Saturday, February 17, 2007

Firmilian, a "Spasmodic" Tragedy: Scene X

by T. Percy Jones (W. E. Aytoun), 1854

Square below the Pillar

Enter Apollodorus, a Critic

Why do men call me a presumptuous cur,
A vaporing blockhead, and a turgid fool,
A common nuisance, and a charlatan?
I've dashed into the sea of metaphor
With as strong paddles as the sturdiest ship
That churns Medusæ into liquid light,
and hashed at every object in my way.
My ends are public. I have talked of men
As my familiars, whom I never saw.
Nay—more to raise my credit—I have penned
Epistles to the great ones of the land,
When some attack might make them slightly sore,
Assuring them, in faith, it was not I.
What was their answer?
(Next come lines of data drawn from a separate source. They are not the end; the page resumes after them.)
text \<open>Zeros \<open>\<zeta>\<close> of \<open>F\<close> with \<open>|\<zeta>| \<ge> 1/q\<close> contribute the residue \<open>zorder F \<zeta> / \<zeta>\<^sup>n\<close>, of size at most
  \<open>q\<^sup>n\<close>; zeros inside the radius \<open>1/q\<close> contribute nothing, as \<open>z F'/F\<close> is analytic there.\<close>

lemma residue_logderiv_over_power_le:
  fixes F :: "complex \<Rightarrow> complex" and K :: "complex fps"
  assumes holF: "F holomorphic_on ball 0 r" and zeros: "finite {z \<in> ball 0 r. F z = 0}"
    and F0: "F 0 \<noteq> 0" and \<zeta>: "\<zeta> \<in> ball 0 r" "F \<zeta> = 0"
    and q: "q > 0" and rad_K: "ereal (1 / q) \<le> fps_conv_radius K"
    and logderiv: "\<And>z. norm z < 1 / q \<Longrightarrow> F z \<noteq> 0 \<Longrightarrow> z * deriv F z / F z = eval_fps K z"
  shows "norm (residue (\<lambda>w. w * deriv F w / F w / w ^ Suc n) \<zeta>) \<le> real_of_int \<bar>zorder F \<zeta>\<bar> * q ^ n"
proof (cases "norm \<zeta> < 1 / q")
  case True
  have "eventually (\<lambda>w. w \<notin> {z \<in> ball 0 r. F z = 0}) (at \<zeta>)"
    using islimpt_finite[OF zeros] islimpt_iff_eventually by blast
  moreover have "eventually (\<lambda>w. w \<in> ball 0 (1/q) \<inter> ball 0 r) (at \<zeta>)"
    by (rule eventually_at_in_open') (use True \<zeta> in auto)
  ultimately have "eventually (\<lambda>w. w * deriv F w / F w / w ^ Suc n = eval_fps K w / w ^ Suc n) (at \<zeta>)"
  proof eventually_elim
    case (elim w)
    then have "w * deriv F w / F w = eval_fps K w" by (intro logderiv) auto
    then show ?case by simp
  qed
  then have "residue (\<lambda>w. w * deriv F w / F w / w ^ Suc n) \<zeta>
           = residue (\<lambda>w. eval_fps K w / w ^ Suc n) \<zeta>"
    by (rule residue_cong) simp
  also have "\<dots> = 0"
  proof (rule residue_holo[of "ball 0 (1/q) - {0}"])
    have "ball 0 (1/q) \<subseteq> eball 0 (fps_conv_radius K)"
      by (auto intro!: order.strict_trans2[OF _ rad_K])
    then show "(\<lambda>w. eval_fps K w / w ^ Suc n) holomorphic_on ball 0 (1 / q) - {0}"
      by (intro holomorphic_on_divide holomorphic_on_eval_fps holomorphic_intros) auto
  qed (use True F0 \<zeta> in auto)
  finally show ?thesis using q by simp
next
  case False
  have "open (ball 0 r - {0})" "\<zeta> \<in> ball 0 r - {0}" using \<zeta> F0 by auto
  then obtain e where e: "e > 0"
    "\<forall>w\<in>cball \<zeta> e. w \<in> ball 0 r - {0} \<and> (w \<noteq> \<zeta> \<longrightarrow> w \<notin> {z \<in> ball 0 r. F z = 0})"
    using finite_cball_avoid[OF _ zeros] by blast
  then have ball_e: "ball \<zeta> e \<subseteq> ball 0 r - {0}" by fastforce
  have residue: "residue (\<lambda>w. w * deriv F w / F w / w ^ Suc n) \<zeta> = of_int (zorder F \<zeta>) / \<zeta> ^ n"
  proof (rule residue_logderiv_over_power)
    show "F holomorphic_on ball \<zeta> e" using ball_e by (intro holomorphic_on_subset[OF holF]) auto
    show "0 \<notin> ball \<zeta> e" using ball_e by blast
    show "F w \<noteq> 0" if "w \<in> ball \<zeta> e" "w \<noteq> \<zeta>" for w
      using e(2) that ball_e by fastforce
  qed (use e \<zeta> in auto)
  have "(1 / norm \<zeta>) ^ n \<le> q ^ n"
  proof (intro power_mono)
    have "1 / q \<le> norm \<zeta>" using False by simp
    moreover from this have "norm \<zeta> > 0" using q by (meson less_le_trans zero_less_divide_1_iff)
    ultimately show "1 / norm \<zeta> \<le> q" using q by (simp add: field_simps)
  qed simp
  then have "real_of_int \<bar>zorder F \<zeta>\<bar> * (1 / norm \<zeta>) ^ n \<le> real_of_int \<bar>zorder F \<zeta>\<bar> * q ^ n"
    by (intro mult_left_mono) auto
  then show ?thesis unfolding residue by (simp add: norm_divide norm_power power_divide)
qed
lemma convex_on_sq_L2_norm_embedding: "convex_on UNIV (\<lambda>u. sq_L2_norm \<Omega> (\<iota> u))"
proof (rule convex_onI)
  fix t :: real and u v :: 'v
  assume "0 < t" "t < 1"
  have "(\<integral>x. ((1 - t) * \<iota> u x + t * \<iota> v x)\<^sup>2 \<partial>lebesgue_on \<Omega>)
      \<le> (\<integral>x. (1 - t) * (\<iota> u x)\<^sup>2 + t * (\<iota> v x)\<^sup>2 \<partial>lebesgue_on \<Omega>)"
  proof (rule integral_mono)
    show "integrable (lebesgue_on \<Omega>) (\<lambda>x. ((1 - t) * \<iota> u x + t * \<iota> v x)\<^sup>2)"
      using embedding_square_integrable[of "(1 - t) *\<^sub>R u + t *\<^sub>R v"]
      by (simp add: embedding_linear)
    show "((1 - t) * \<iota> u x + t * \<iota> v x)\<^sup>2 \<le> (1 - t) * (\<iota> u x)\<^sup>2 + t * (\<iota> v x)\<^sup>2" for x
      using convex_onD[OF convex_power2, of t "\<iota> u x" "\<iota> v x"] \<open>0 < t\<close> \<open>t < 1\<close> by simp
  qed (use embedding_square_integrable in simp)
  then show "sq_L2_norm \<Omega> (\<iota> ((1 - t) *\<^sub>R u + t *\<^sub>R v))
      \<le> (1 - t) * sq_L2_norm \<Omega> (\<iota> u) + t * sq_L2_norm \<Omega> (\<iota> v)"
    using embedding_square_integrable
    by (simp add: sq_L2_norm_def embedding_linear)
qed simp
Marry, shortly this:
"Who, in the name of Zernebock, are you?"
I have reviewed myself incessantly—
Yea, made a contract with a kindred soul
For mutual interchange of puffery.
Gods—how we blew each other! But, 'tis past—
Those halcyon days are gone; and, I suspect,
That, in some fit of loathing or disgust,
As Samuel turned from Eli's coarser son,
Mine ancient playmate hath deserted me.
And yet I am Apollodorus still!
I search for genius, having it myself,
With keen and earnest longings. I survive
To disentangle, from the imping wings
Of our young poets, their crustaceous slough.